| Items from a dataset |
+++

lemma strip_form_affine: "strip_form s (a*z, b*z, z) = z^2 * ((a+b)*(a+b-s))"
  unfolding strip_form_def by (simp add: power2_eq_square algebra_simps)

lemma cross_nonzero_independent:
  assumes "cross u v \<noteq> (0,0,0)" and "padd (pscale a u) (pscale b v) = (0,0,0)"
  shows "a = 0 \<and> b = 0"
proof -
  have "pscale b (cross u v) = cross u (padd (pscale a u) (pscale b v))"
    and "pscale a (cross u v) = cross (padd (pscale a u) (pscale b v)) v"
    by (cases u, cases v, simp add: cross_def padd_def pscale_def algebra_simps)+
  then have "pscale a (cross u v) = (0,0,0)" "pscale b (cross u v) = (0,0,0)"
    using assms(2) by (simp_all add: cross_def)
  then show ?thesis
    using assms(1) by (cases "cross u v") (auto simp: pscale_def)
qed

lemma pos_pos_iff_sum_strip:
  fixes a b s :: real
  assumes "s > 0" and "a*b*(s - a - b) > 0"
  shows "(a+b)*(a+b-s) < 0 \<longleftrightarrow> a > 0 \<and> b > 0"
proof
  assume "(a+b)*(a+b-s) < 0"
  with \<open>s > 0\<close> have "a + b > 0" "s - a - b > 0"
    by (auto simp: mult_less_0_iff)
  moreover from this assms(2) have "a*b > 0"
    by (metis zero_less_mult_pos2)
  ultimately show "a > 0 \<and> b > 0"
    by (auto simp: zero_less_mult_iff)
next
  assume "a > 0 \<and> b > 0"
  with assms(2) have "s - a - b > 0"
    by (metis mult_pos_pos zero_less_mult_pos)
  with \<open>a > 0 \<and> b > 0\<close> show "(a+b)*(a+b-s) < 0"
    by (simp add: mult_pos_neg)
qed

lemma triangle_pt_iff_strip_form_neg:
  assumes "r > 0" and "s > 0"
  shows "triangle_pt r s P \<longleftrightarrow> on_curve r s P \<and> strip_form s P < 0"
proof -
  obtain x y z where P: "P = (x,y,z)" by (cases P)
  show ?thesis
  proof (cases "z = 0")
    case True
    then show ?thesis by (simp add: P triangle_pt_def strip_form_def)
  next
    case False
    define a b where "a = x/z" and "b = y/z"
    with False have P': "P = (a*z, b*z, z)" by (simp add: P)
    have "on_curve r s P \<longleftrightarrow> s*(a*b - r^2) - a*b*(a+b) = 0"
      using False by (simp add: P' on_curve_def cubicF_affine)
    also have "\<dots> \<longleftrightarrow> a*b*(s - a - b) = s*r^2"
      by (auto simp: algebra_simps)
    finally have "on_curve r s P \<longleftrightarrow> a*b*(s - a - b) = s*r^2" .
    moreover have "s*r^2 > 0" using assms by simp
    moreover have "z^2 > 0" using False by simp
    ultimately show ?thesis
      using False pos_pos_iff_sum_strip[OF \<open>s > 0\<close>, of a b]
      by (auto simp: P' triangle_pt_def strip_form_affine mult_less_0_iff)
  qed
qed

lemma strip_form_zero_on_curve:
  assumes "r > 0" and "s > 0" and "on_curve r s P" and "strip_form s P = 0"
  obtains w where "w \<noteq> 0" and "P = (w, -w, 0)"
proof -
  obtain x y z where P: "P = (x,y,z)" by (cases P)
  have "z = 0"
  proof (rule ccontr)
    assume "z \<noteq> 0"
    define a b where "a = x/z" and "b = y/z"
    with \<open>z \<noteq> 0\<close> have P': "P = (a*z, b*z, z)" by (simp add: P)
    from assms(3) \<open>z \<noteq> 0\<close> have curve: "s*(a*b - r^2) = a*b*(a+b)"
      by (simp add: P' on_curve_def cubicF_affine)
    from assms(4) \<open>z \<noteq> 0\<close> have "b = -a \<or> a + b = s"
      by (auto simp: P' strip_form_affine)
    then show False
    proof
      assume "b = -a"
      with curve have "s*(a^2 + r^2) = 0" by (simp add: power2_eq_square algebra_simps)
      with assms(1,2) show False by (simp add: add_nonneg_pos)
    next
      assume "a + b = s"
      with curve have "s*r^2 = 0" by (simp add: algebra_simps)
      with assms(1,2) show False by simp
    qed
  qed
  with assms(3,4) have "y = -x" "x \<noteq> 0"
    by (auto simp: P on_curve_def strip_form_def)
  with that show thesis by (simp add: P \<open>z = 0\<close>)
qed

lemma third_pointE:
  assumes "third_point r s P Q R"
  obtains u1 u2 u3 v1 v2 v3 lam a1 b1 a2 b2 a3 b3 where
    "cross (u1,u2,u3) (v1,v2,v3) \<noteq> (0,0,0)" "lam \<noteq> 0"
    "(a1,b1) \<noteq> (0,0)" "(a2,b2) \<noteq> (0,0)" "(a3,b3) \<noteq> (0,0)"
    "P = (a1*u1+b1*v1, a1*u2+b1*v2, a1*u3+b1*v3)"
    "Q = (a2*u1+b2*v1, a2*u2+b2*v2, a2*u3+b2*v3)"
    "R = (a3*u1+b3*v1, a3*u2+b3*v2, a3*u3+b3*v3)"
    "\<And>a b. cubicF r s (a*u1+b*v1, a*u2+b*v2, a*u3+b*v3) =
            lam * (b1*a - a1*b) * (b2*a - a2*b) * (b3*a - a3*b)"
proof -
  from assms obtain u v lam a1 b1 a2 b2 a3 b3 where
    "cross u v \<noteq> (0,0,0)" "lam \<noteq> 0"
    "(a1,b1) \<noteq> (0,0)" "(a2,b2) \<noteq> (0,0)" "(a3,b3) \<noteq> (0,0)"
    "P = padd (pscale a1 u) (pscale b1 v)"
    "Q = padd (pscale a2 u) (pscale b2 v)"
    "R = padd (pscale a3 u) (pscale b3 v)"
    "\<And>a b. cubicF r s (padd (pscale a u) (pscale b v)) =
            lam * (b1*a - a1*b) * (b2*a - a2*b) * (b3*a - a3*b)"
    unfolding third_point_def by blast
  moreover obtain u1 u2 u3 v1 v2 v3 where "u = (u1,u2,u3)" "v = (v1,v2,v3)"
    by (cases u, cases v)
  ultimately show thesis
    by (intro that[of u1 u2 u3 v1 v2 v3 lam a1 b1 a2 b2 a3 b3]) (simp_all add: padd_def pscale_def)
qed

lemma third_pointI:
  assumes "cross u v \<noteq> (0,0,0)" and "lam \<noteq> 0"
    and "(aP,bP) \<noteq> (0,0)" and "(aQ,bQ) \<noteq> (0,0)" and "(aR,bR) \<noteq> (0,0)"
    and "padd (pscale aP u) (pscale bP v) = P"
    and "padd (pscale aQ u) (pscale bQ v) = Q"
    and "padd (pscale aR u) (pscale bR v) = R"
    and "\<And>a b. cubicF r s (padd (pscale a u) (pscale b v)) =
                lam * (bP*a - aP*b) * (bQ*a - aQ*b) * (bR*a - aR*b)"
  shows "third_point r s P Q R"
  unfolding third_point_def using assms by metis

lemma third_point_swap:
  assumes "third_point r s P Q R"
  shows "third_point r s P R Q"
proof -
  from assms obtain u v lam a1 b1 a2 b2 a3 b3 where
    "cross u v \<noteq> (0,0,0) \<and> lam \<noteq> 0 \<and>
     (a1,b1) \<noteq> (0,0) \<and> (a3,b3) \<noteq> (0,0) \<and> (a2,b2) \<noteq> (0,0) \<and>
     P = padd (pscale a1 u) (pscale b1 v) \<and>
     R = padd (pscale a3 u) (pscale b3 v) \<and>
     Q = padd (pscale a2 u) (pscale b2 v)"
    and "\<forall>a b. cubicF r s (padd (pscale a u) (pscale b v)) =
            lam * (b1*a - a1*b) * (b2*a - a2*b) * (b3*a - a3*b)"
    unfolding third_point_def by blast
  moreover have "lam * (b1*a - a1*b) * (b2*a - a2*b) * (b3*a - a3*b) =
                 lam * (b1*a - a1*b) * (b3*a - a3*b) * (b2*a - a2*b)" for a b :: real
    by (simp add: mult_ac)
  ultimately show ?thesis
    unfolding third_point_def by metis
qed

+++

| TASK DIRECTIONS |
List every line above containing the word "longleftrightarrow".

| SOLUTION TO THIS PROBLEM |
  shows "(a+b)*(a+b-s) < 0 \<longleftrightarrow> a > 0 \<and> b > 0"
  shows "triangle_pt r s P \<longleftrightarrow> on_curve r s P \<and> strip_form s P < 0"
    have "on_curve r s P \<longleftrightarrow> s*(a*b - r^2) - a*b*(a+b) = 0"
    also have "\<dots> \<longleftrightarrow> a*b*(s - a - b) = s*r^2"
    finally have "on_curve r s P \<longleftrightarrow> a*b*(s - a - b) = s*r^2" .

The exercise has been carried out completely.